Sociology, psychohistory – all sciences devoted to studying groups – are all predicated on the belief that while individuals are impossible to pin down, they’re very shallow and easily manipulated when you put enough of them together.

That single devotee of any religion may strive to be forgiving, caring and compassionate. A group of them, however, sees nothing wrong in killing non-believers despite their religion’s teachings to the contrary. Adherents of the faith may be tolerant and accepting; institutions are rarely so. Devotees can find strength in themselves and in their divinity; organisations are usually scared and insecure.

Individual Thais are among the gentlest, warmest, and most gracious people you could ever meet; groups of them were throwing petrol bombs at each other in the capital of Bangkok earlier this week.

While some may truly understand the issues involved – their right to their own government, among others – the rest are just being manoeuvred by media-savvy politicians who know which buttons to push.

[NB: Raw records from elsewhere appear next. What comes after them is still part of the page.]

lemma nn_integral_PiM_prod:
  assumes "finite I" and "\<And>i. i \<in> I \<Longrightarrow> sigma_finite_measure (M i)"
    and "\<And>i. i \<in> I \<Longrightarrow> f i \<in> borel_measurable (M i)"
  shows "(\<integral>\<^sup>+x. (\<Prod>i\<in>I. f i (x i)) \<partial>PiM I M) = (\<Prod>i\<in>I. integral\<^sup>N (M i) (f i))"
proof -
  \<comment> \<open>\<open>product_nn_integral_prod\<close> wants every factor \<sigma>-finite, also outside \<open>I\<close>.\<close>
  define M' where "M' i = (if i \<in> I then M i else count_space {})" for i
  have "sigma_finite_measure (M' i)" for i
    by (cases "i \<in> I")
      (auto simp: M'_def assms(2) intro: finite_measure.sigma_finite_measure finite_measure_count_space)
  then interpret product_sigma_finite M'
    by (rule product_sigma_finite.intro)
  have "PiM I M = PiM I M'"
    by (rule PiM_cong) (auto simp: M'_def)
  moreover have "(\<integral>\<^sup>+x. (\<Prod>i\<in>I. f i (x i)) \<partial>PiM I M') = (\<Prod>i\<in>I. integral\<^sup>N (M' i) (f i))"
    by (rule product_nn_integral_prod[OF assms(1)]) (auto simp: M'_def assms(3))
  ultimately show ?thesis
    by (simp add: M'_def)
qed

lemma Hoeffding_mgf_PiM:
  assumes "prob_space D" and [measurable]: "X \<in> borel_measurable D"
    and X_bounds: "\<And>z. z \<in> space D \<Longrightarrow> a \<le> X z \<and> X z \<le> b" and c: "0 < c"
  shows "(\<integral>\<^sup>+s. (\<Prod>j<k. ennreal (exp (c * (X (s j) - (\<integral>z. X z \<partial>D))))) \<partial>PiM {..<k} (\<lambda>_. D))
    \<le> ennreal (exp (real k * (c\<^sup>2 * (b - a)\<^sup>2 / 8)))"
proof -
  interpret interval_bounded_random_variable D X a b
    by (intro interval_bounded_random_variable.intro interval_bounded_random_variable_axioms.intro
        assms(1) AE_I2) (auto dest: X_bounds)
  have "(\<integral>\<^sup>+s. (\<Prod>j<k. ennreal (exp (c * (X (s j) - expectation X)))) \<partial>PiM {..<k} (\<lambda>_. D))
      = (\<Prod>j<k. \<integral>\<^sup>+z. ennreal (exp (c * (X z - expectation X))) \<partial>D)"
    by (rule nn_integral_PiM_prod) (simp_all add: sigma_finite_measure_axioms)
  also have "\<dots> \<le> (\<Prod>j<k. ennreal (exp (c\<^sup>2 * (b - a)\<^sup>2 / 8)))"
    by (intro prod_mono_ennreal Hoeffdings_lemma_nn_integral c)
  also have "\<dots> = ennreal (exp (real k * (c\<^sup>2 * (b - a)\<^sup>2 / 8)))"
    by (simp add: exp_of_nat_mult[symmetric] ennreal_power)
  finally show ?thesis .
qed

lemma (in prob_space) integral_in_unit_interval:
  fixes f :: "'a \<Rightarrow> real"
  assumes "\<And>x. 0 \<le> f x" and "\<And>x. f x \<le> 1"
  shows "0 \<le> (\<integral>x. f x \<partial>M) \<and> (\<integral>x. f x \<partial>M) \<le> 1"
proof (cases "integrable M f")
  case True
  have "0 \<le> (\<integral>x. f x \<partial>M)"
    by (intro integral_nonneg_AE) (simp add: assms)
  moreover have "(\<integral>x. f x \<partial>M) \<le> 1"
    by (intro integral_le_const True AE_I2 assms)
  ultimately show ?thesis ..
qed (simp add: not_integrable_integral_eq)

lemma
  fixes f :: "'a \<Rightarrow> real"
  assumes M1: "prob_space M1" and M: "\<And>i. i \<in> I \<Longrightarrow> prob_space (M i)" and i: "i \<in> I"
    and f_meas: "f \<in> borel_measurable (M i)" and f_bound: "\<And>x. \<bar>f x\<bar> \<le> B"
  shows integrable_pair_PiM_component: "integrable (M1 \<Otimes>\<^sub>M PiM I M) (\<lambda>x. f (snd x i))"
    and integral_pair_PiM_component: "(\<integral>x. f (snd x i) \<partial>(M1 \<Otimes>\<^sub>M PiM I M)) = (\<integral>y. f y \<partial>M i)"
proof -
  interpret PiM: prob_space "PiM I M"
    using M by (intro prob_space_PiM) auto
  interpret M1: prob_space M1 by (fact M1)
  interpret pair_sigma_finite M1 "PiM I M" ..
  interpret pair: prob_space "M1 \<Otimes>\<^sub>M PiM I M"
    by (intro prob_space_pair M1 PiM.prob_space_axioms)
  have comp_meas: "(\<lambda>y. y i) \<in> measurable (PiM I M) (M i)"
    using i by simp
  have [measurable]: "(\<lambda>y. f (y i)) \<in> borel_measurable (PiM I M)"
    by (rule measurable_compose[OF comp_meas f_meas])
  show int: "integrable (M1 \<Otimes>\<^sub>M PiM I M) (\<lambda>x. f (snd x i))"
    by (rule pair.integrable_const_bound[where B=B]) (simp add: f_bound, measurable)
  have "(\<integral>y. f (y i) \<partial>PiM I M) = (\<integral>y. f y \<partial>distr (PiM I M) (M i) (\<lambda>y. y i))"
    by (rule integral_distr[OF comp_meas f_meas, symmetric])
  also have "\<dots> = (\<integral>y. f y \<partial>M i)"
    using distr_PiM_component[of I M i] M i by simp
  finally have "(\<integral>y. f (y i) \<partial>PiM I M) = (\<integral>y. f y \<partial>M i)" .
  then show "(\<integral>x. f (snd x i) \<partial>(M1 \<Otimes>\<^sub>M PiM I M)) = (\<integral>y. f y \<partial>M i)"
    using integral_fst'[OF int] by (simp add: M1.prob_space)
qed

Most individual Americans I’ve met have high ethical standards, yet as a society they re-elected a president whose administration saw nothing wrong in invading another land under false pretences, or torturing civilian suspects by just labelling them enemy combatants, or trampling upon civic liberties – in fact, in destroying just about everything the United States stands for.

I have no doubt that many who took part in the illegal assembly organised by the outlawed Hindu Rights Action Force in November of 2007 were genuinely concerned about the marginalisation of an entire cross-section of Malaysian society, and how their plight has been neglected for so many decades.

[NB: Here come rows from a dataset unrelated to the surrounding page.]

section \<open>Products of coset compactifications\<close>

lemma openin_product_entourage:
  assumes "finite J" "J \<subseteq> I" "\<And>i. i \<in> J \<Longrightarrow> openin (prod_topology (X i) (X i)) (W i)"
  shows "openin (prod_topology (product_topology X I) (product_topology X I))
           {p \<in> topspace (prod_topology (product_topology X I) (product_topology X I)).
              \<forall>i\<in>J. (fst p i, snd p i) \<in> W i}"
proof -
  let ?XX = "prod_topology (product_topology X I) (product_topology X I)"
  have open_i: "openin ?XX {p \<in> topspace ?XX. (fst p i, snd p i) \<in> W i}" if "i \<in> J" for i
  proof (rule openin_continuous_map_preimage)
    have "i \<in> I"
      using that assms(2) by blast
    have "continuous_map ?XX (X i) (\<lambda>p. fst p i)" "continuous_map ?XX (X i) (\<lambda>p. snd p i)"
      using continuous_map_compose[OF continuous_map_fst continuous_map_product_projection[OF \<open>i \<in> I\<close>]]
        continuous_map_compose[OF continuous_map_snd continuous_map_product_projection[OF \<open>i \<in> I\<close>]]
      by (simp_all add: o_def)
    then show "continuous_map ?XX (prod_topology (X i) (X i)) (\<lambda>p. (fst p i, snd p i))"
      by (rule continuous_map_pairedI)
    show "openin (prod_topology (X i) (X i)) (W i)"
      using that by (rule assms(3))
  qed
  have "{p \<in> topspace ?XX. \<forall>i\<in>J. (fst p i, snd p i) \<in> W i}
          = topspace ?XX \<inter> \<Inter> ((\<lambda>i. {p \<in> topspace ?XX. (fst p i, snd p i) \<in> W i}) ` J)"
    by auto
  also have "openin ?XX \<dots>"
    using assms(1) open_i by (intro openin_Int_Inter finite_imageI openin_topspace) blast+
  finally show ?thesis .
qed

lemma product_group_factorization:
  assumes group: "\<And>i. i \<in> I \<Longrightarrow> group (G i)" and one: "\<And>i. i \<in> I \<Longrightarrow> \<one>\<^bsub>G i\<^esub> \<in> H i"
    and xy: "x \<in> carrier (product_group I G)" "y \<in> carrier (product_group I G)"
    and free: "\<And>i. i \<in> I - J \<Longrightarrow> B i = carrier (G i)"
    and factor: "\<And>i. i \<in> I \<inter> J \<Longrightarrow> \<exists>u\<in>B i. \<exists>h\<in>H i. x i = u \<otimes>\<^bsub>G i\<^esub> y i \<otimes>\<^bsub>G i\<^esub> h"
  shows "\<exists>u\<in>PiE I B. \<exists>h\<in>PiE I H. x = u \<otimes>\<^bsub>product_group I G\<^esub> y \<otimes>\<^bsub>product_group I G\<^esub> h"
proof -
  have "\<exists>u\<in>B i. \<exists>h\<in>H i. x i = u \<otimes>\<^bsub>G i\<^esub> y i \<otimes>\<^bsub>G i\<^esub> h" if "i \<in> I" for i
  proof (cases "i \<in> J")
    case True
    with factor that show ?thesis
      by blast
  next
    case False
    interpret group "G i"
      by (rule group[OF that])
    have "x i \<in> carrier (G i)" "y i \<in> carrier (G i)"
      using that xy by (auto simp: PiE_iff)
    then have "x i \<otimes>\<^bsub>G i\<^esub> inv\<^bsub>G i\<^esub> y i \<in> B i"
      and "x i = (x i \<otimes>\<^bsub>G i\<^esub> inv\<^bsub>G i\<^esub> y i) \<otimes>\<^bsub>G i\<^esub> y i \<otimes>\<^bsub>G i\<^esub> \<one>\<^bsub>G i\<^esub>"
      using free[of i] that False by (simp_all add: m_assoc)
    with one[OF that] show ?thesis
      by blast
  qed
  then obtain u where "\<forall>i\<in>I. u i \<in> B i \<and> (\<exists>h\<in>H i. x i = u i \<otimes>\<^bsub>G i\<^esub> y i \<otimes>\<^bsub>G i\<^esub> h)"
    using bchoice[of I "\<lambda>i u. u \<in> B i \<and> (\<exists>h\<in>H i. x i = u \<otimes>\<^bsub>G i\<^esub> y i \<otimes>\<^bsub>G i\<^esub> h)"] by blast
  moreover from this obtain h where "\<forall>i\<in>I. h i \<in> H i \<and> x i = u i \<otimes>\<^bsub>G i\<^esub> y i \<otimes>\<^bsub>G i\<^esub> h i"
    using bchoice[of I "\<lambda>i h. h \<in> H i \<and> x i = u i \<otimes>\<^bsub>G i\<^esub> y i \<otimes>\<^bsub>G i\<^esub> h"] by blast
  ultimately have "restrict u I \<in> PiE I B" "restrict h I \<in> PiE I H"
    and "x = restrict u I \<otimes>\<^bsub>product_group I G\<^esub> y \<otimes>\<^bsub>product_group I G\<^esub> restrict h I"
    using xy(1) by (auto simp: fun_eq_iff PiE_iff extensional_def)
  then show ?thesis
    by blast
qed

lemma inverse_uniformly_continuous_product:
  assumes group: "\<And>i. i \<in> I \<Longrightarrow> group (G i)"
    and topspace_T: "\<And>i. i \<in> I \<Longrightarrow> topspace (T i) = carrier (G i)"
    and subgroup: "\<And>i. i \<in> I \<Longrightarrow> subgroup (H i) (G i)"
    and uniform: "\<And>i. i \<in> I \<Longrightarrow> inverse_uniformly_continuous (G i) (T i) (H i) (K i) (j i)"
  shows "inverse_uniformly_continuous (product_group I G) (product_topology T I) (PiE I H)
           (product_topology K I) (\<lambda>g. \<lambda>i\<in>I. j i (g i))"
  unfolding inverse_uniformly_continuous_def
proof (intro allI impI)
  fix U assume "openin (product_topology T I) U \<and> \<one>\<^bsub>product_group I G\<^esub> \<in> U"
  then have "\<exists>B. finite {i \<in> I. B i \<noteq> topspace (T i)} \<and> (\<forall>i\<in>I. openin (T i) (B i)) \<and>
               \<one>\<^bsub>product_group I G\<^esub> \<in> PiE I B \<and> PiE I B \<subseteq> U"
    by (intro openin_product_topology_alt[THEN iffD1, rule_format]) auto
  then obtain B where B: "finite {i \<in> I. B i \<noteq> topspace (T i)}" "\<forall>i\<in>I. openin (T i) (B i)"
    "\<one>\<^bsub>product_group I G\<^esub> \<in> PiE I B" "PiE I B \<subseteq> U"
    by blast
  define J where "J = {i \<in> I. B i \<noteq> topspace (T i)}"
  have "\<forall>i\<in>J. \<exists>W. openin (prod_topology (K i) (K i)) W \<and> (\<forall>z\<in>topspace (K i). (z, z) \<in> W) \<and>
          (\<forall>x\<in>carrier (G i). \<forall>y\<in>carrier (G i). (j i x, j i y) \<in> W \<longrightarrow>
             (\<exists>u\<in>B i. \<exists>h\<in>H i. x = u \<otimes>\<^bsub>G i\<^esub> y \<otimes>\<^bsub>G i\<^esub> h))"
  proof
    fix i assume "i \<in> J"
    then have i: "i \<in> I" and Bi: "openin (T i) (B i) \<and> \<one>\<^bsub>G i\<^esub> \<in> B i"
      using B(2,3) by (auto simp: J_def PiE_iff)
    show "\<exists>W. openin (prod_topology (K i) (K i)) W \<and> (\<forall>z\<in>topspace (K i). (z, z) \<in> W) \<and>
          (\<forall>x\<in>carrier (G i). \<forall>y\<in>carrier (G i). (j i x, j i y) \<in> W \<longrightarrow>
             (\<exists>u\<in>B i. \<exists>h\<in>H i. x = u \<otimes>\<^bsub>G i\<^esub> y \<otimes>\<^bsub>G i\<^esub> h))"
      using uniform[OF i, unfolded inverse_uniformly_continuous_def, THEN spec[where x="B i"], THEN mp, OF Bi] .
  qed
  from bchoice[OF this] obtain W where W: "\<forall>i\<in>J. openin (prod_topology (K i) (K i)) (W i) \<and>
      (\<forall>z\<in>topspace (K i). (z, z) \<in> W i) \<and>
      (\<forall>x\<in>carrier (G i). \<forall>y\<in>carrier (G i). (j i x, j i y) \<in> W i \<longrightarrow>
         (\<exists>u\<in>B i. \<exists>h\<in>H i. x = u \<otimes>\<^bsub>G i\<^esub> y \<otimes>\<^bsub>G i\<^esub> h))"
    by (erule exE)
  let ?KK = "prod_topology (product_topology K I) (product_topology K I)"
  define W' where "W' = {p \<in> topspace ?KK. \<forall>i\<in>J. (fst p i, snd p i) \<in> W i}"
  show "\<exists>W. openin ?KK W \<and> (\<forall>z\<in>topspace (product_topology K I). (z, z) \<in> W) \<and>
          (\<forall>x\<in>carrier (product_group I G). \<forall>y\<in>carrier (product_group I G).
             ((\<lambda>i\<in>I. j i (x i)), (\<lambda>i\<in>I. j i (y i))) \<in> W \<longrightarrow>
             (\<exists>u\<in>U. \<exists>h\<in>PiE I H. x = u \<otimes>\<^bsub>product_group I G\<^esub> y \<otimes>\<^bsub>product_group I G\<^esub> h))"
  proof (intro exI conjI ballI impI)
    have "finite J" "J \<subseteq> I"
      using B(1) by (auto simp: J_def)
    then show "openin ?KK W'"
      unfolding W'_def using W by (intro openin_product_entourage) auto
    show "(z, z) \<in> W'" if "z \<in> topspace (product_topology K I)" for z
      using that W by (auto simp: W'_def J_def PiE_iff)
    fix x y assume xy: "x \<in> carrier (product_group I G)" "y \<in> carrier (product_group I G)"
      and "((\<lambda>i\<in>I. j i (x i)), (\<lambda>i\<in>I. j i (y i))) \<in> W'"
    then have jxy: "(j i (x i), j i (y i)) \<in> W i" if "i \<in> J" for i
      using that by (auto simp: W'_def J_def)
    have "\<exists>u\<in>PiE I B. \<exists>h\<in>PiE I H. x = u \<otimes>\<^bsub>product_group I G\<^esub> y \<otimes>\<^bsub>product_group I G\<^esub> h"
    proof (rule product_group_factorization[OF group _ xy])
      show "\<one>\<^bsub>G i\<^esub> \<in> H i" if "i \<in> I" for i
        using subgroup[OF that] by (rule subgroup.one_closed)
      show "B i = carrier (G i)" if "i \<in> I - J" for i
        using that topspace_T by (auto simp: J_def)
      show "\<exists>u\<in>B i. \<exists>h\<in>H i. x i = u \<otimes>\<^bsub>G i\<^esub> y i \<otimes>\<^bsub>G i\<^esub> h" if "i \<in> I \<inter> J" for i
        using W jxy[of i] xy that by (auto simp: PiE_iff)
    qed
    then obtain u h where u: "u \<in> PiE I B" and h: "h \<in> PiE I H"
      and x_eq: "x = u \<otimes>\<^bsub>product_group I G\<^esub> y \<otimes>\<^bsub>product_group I G\<^esub> h"
      by (elim bexE)
    show "\<exists>u\<in>U. \<exists>h\<in>PiE I H. x = u \<otimes>\<^bsub>product_group I G\<^esub> y \<otimes>\<^bsub>product_group I G\<^esub> h"
    proof (intro bexI)
      show "x = u \<otimes>\<^bsub>product_group I G\<^esub> y \<otimes>\<^bsub>product_group I G\<^esub> h"
        by (rule x_eq)
      show "u \<in> U"
        using B(4) u by blast
    qed (rule h)
  qed
qed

Yet, going by many photographs on the Internet, some held placards of Mahatma Gandhi in one hand while pelting coppers with stones with the other.

Again, individuals may have been cognisant of the Mahatma’s non-violent non-cooperation model of civil disobedience in India’s struggle for independence, but too many in that group just saw an icon that could be manipulated for emotive oomph.

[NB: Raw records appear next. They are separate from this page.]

text \<open>
  Both sides of (i) are suprema: \<open>|\<mu>|(M\<^sup>~)\<close> over finite partitions, \<open>\<parallel>\<Phi>\<^sup>*\<mu>\<parallel>\<close> over
  integrals of de Leeuw transforms, and Riemann sums over partitions into pieces on which
  \<open>\<Phi>f\<close> is nearly constant link the two.  If \<open>\<Phi>f \<ge> \<gamma>\<close> on \<open>A\<close>, then \<open>\<Phi>f \<le> -\<gamma>\<close> on \<open>r(A)\<close>, and the
  blocks inside \<open>A\<close> and \<open>r(A)\<close> contribute at least \<open>2\<gamma>(\<mu>\<^sup>+(A) + \<mu>\<^sup>-(r(A))) - |\<mu>|(M\<^sup>~)\<close>
  to \<open>\<integral>\<Phi>f d\<mu>\<close>; this gives (ii) \<Rightarrow> (i) as \<open>\<gamma> \<rightarrow> 1\<close>.  Conversely, splitting \<open>M\<^sup>~\<close> into
  \<open>{\<Phi>f \<ge> \<gamma>}\<close>, \<open>{\<Phi>f \<le> -\<gamma>}\<close> and the rest bounds \<open>\<integral>\<Phi>f d\<mu>\<close> by
  \<open>\<gamma>|\<mu>|(M\<^sup>~) + (1 - \<gamma>)(\<mu>\<^sup>+(A) + \<mu>\<^sup>-(r(A)))\<close> with \<open>A = {\<Phi>f \<ge> \<gamma>}\<close>, so an almost norming
  \<open>f\<close> yields (ii).  Finally, \<open>\<Phi>f \<ge> \<gamma>\<close> on \<open>A\<close> forces \<open>\<gamma>\<close>-cyclical monotonicity by
  telescoping \<open>f\<close> around a cycle, and conversely a \<open>\<gamma>\<close>-cyclically monotonic \<open>A\<close> carries the
  Rockafellar-type potential \<open>f(p) = inf\<close> of the costs of chains in \<open>A\<close> from \<open>p\<close> to the base
  point, which is 1-Lipschitz and drops by at least \<open>\<gamma> d(x, y)\<close> along every pair of \<open>A\<close>.
\<close>

lemma le_of_forall_pos_le_add_mult:
  fixes x y c :: real
  assumes "0 \<le> c" "\<And>d. 0 < d \<Longrightarrow> x \<le> y + d * c"
  shows "x \<le> y"
proof (rule field_le_epsilon)
  fix e :: real assume "0 < e"
  then have "x \<le> y + e / (c + 1) * c"
    using assms by (intro assms(2)) simp
  moreover have "e / (c + 1) * c \<le> e"
    using assms(1) \<open>0 < e\<close> by (simp add: field_simps)
  ultimately show "x \<le> y + e"
    by linarith
qed
(* With $Z_L(t)=\partial z_L(t)/\partial L$, we have $\lim_{L\to\infty}Z_L(L)=-1$ and $\lim_{L\to\infty}Z_L(L/2)=1/2$.
   Context: For $\alpha\in(0,1/\sqrt2)$ let $L_\alpha=\pi/\mathrm{AGM}(\alpha,\tfrac12\sqrt{1+2\alpha^2})$; $\alpha\mapsto L_\alpha$ is a decreasing bijection from $(0,1/\sqrt2)$ onto $(\pi\sqrt2,\infty)$. For $L>\pi\sqrt2$ let $\alpha$ satisfy $L_\alpha=L$ and let $x_0>y_0>0$ satisfy $x_0^2+y_0^2=1$, $x_0y_0=\alpha^2$. Let $(x_L,y_L,z_L)(t)$ solve $x'=-xz$, $y'=yz$, $z'=x^2-y^2$ ($'=d/dt$) with initial value $(x_0,y_0,0)$. *)

theory Defs
  imports "HOL-Analysis.Analysis"
begin

fun agm_seq :: "real \<Rightarrow> real \<Rightarrow> nat \<Rightarrow> real \<times> real" where
  "agm_seq a b 0 = (a, b)"
| "agm_seq a b (Suc n) =
     (let (p, q) = agm_seq a b n in ((p + q) / 2, sqrt (p * q)))"

definition AGM :: "real \<Rightarrow> real \<Rightarrow> real" where
  "AGM a b = lim (\<lambda>n. fst (agm_seq a b n))"

definition L_alpha :: "real \<Rightarrow> real" where
  "L_alpha \<alpha> = pi / AGM \<alpha> (sqrt (1 + 2 * \<alpha>\<^sup>2) / 2)"

text \<open>For L > pi*sqrt 2, the unique alpha in (0, 1/sqrt 2) with L_alpha alpha = L.\<close>
definition alpha_of :: "real \<Rightarrow> real" where
  "alpha_of L = (THE \<alpha>. 0 < \<alpha> \<and> \<alpha> < 1 / sqrt 2 \<and> L_alpha \<alpha> = L)"

definition init_xy :: "real \<Rightarrow> real \<times> real" where
  "init_xy L = (THE p. fst p > snd p \<and> snd p > 0 \<and> (fst p)\<^sup>2 + (snd p)\<^sup>2 = 1
                     \<and> fst p * snd p = (alpha_of L)\<^sup>2)"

What an injustice to a great leader. Sure, we can’t expect everyone to have read the dozens of biographies on the Mahatma, but perhaps a required screening of Richard Attenborough’s 1982 multiple award-winning Gandhi may have been in order. Who could not be moved by the scene of the salt march, when demonstrators lined up to be savagely beaten by British troops, all without lifting a single finger in retaliation?

In the movie, the American journalist Walker (Martin Sheen) calls in his story over the telephone, his voice taut and broken with emotion: “They walked, with heads up, without music, or cheering, or any hope of escape from injury or death.

“It went on and on and on. Women carried the wounded bodies from the ditch until they dropped from exhaustion. But still it went on.

“Whatever moral ascendance the West held was lost today. India is free ... for she has taken all that steel and cruelty can give, and she has neither cringed nor retreated.”

Then we come to our local politicians (you knew we would come to this sooner or later, didn’t you?). How many times have we seen a young, charismatic and idealistic young person full of promise join a political party and suddenly become – there’s no other word for it – stupid?

Sure, I know all about playing to the gallery and toeing the party line. I accept none of it as an excuse.

Man is a social animal, true. We need our families, clans, tribes, communities, societies, condominium management committees, and autonomous collectives (despite the violence inherent in the system, as those chaps in Monty Python would tell you).

One’s a person, two’s company, three’s a crowd, four has a certain symmetry, and anything above is a mob. And as the Greek philosopher Diogenes said, the mob is the mother of tyrants.

He was being kind. John Dryden, the 17th century English poet and playwright, said it even better: “A mob is the scum that rises upmost when the nation boils.”

So what can I say? Being in a group is nice, but maintain your individuality. After all, it is what makes you, well, you.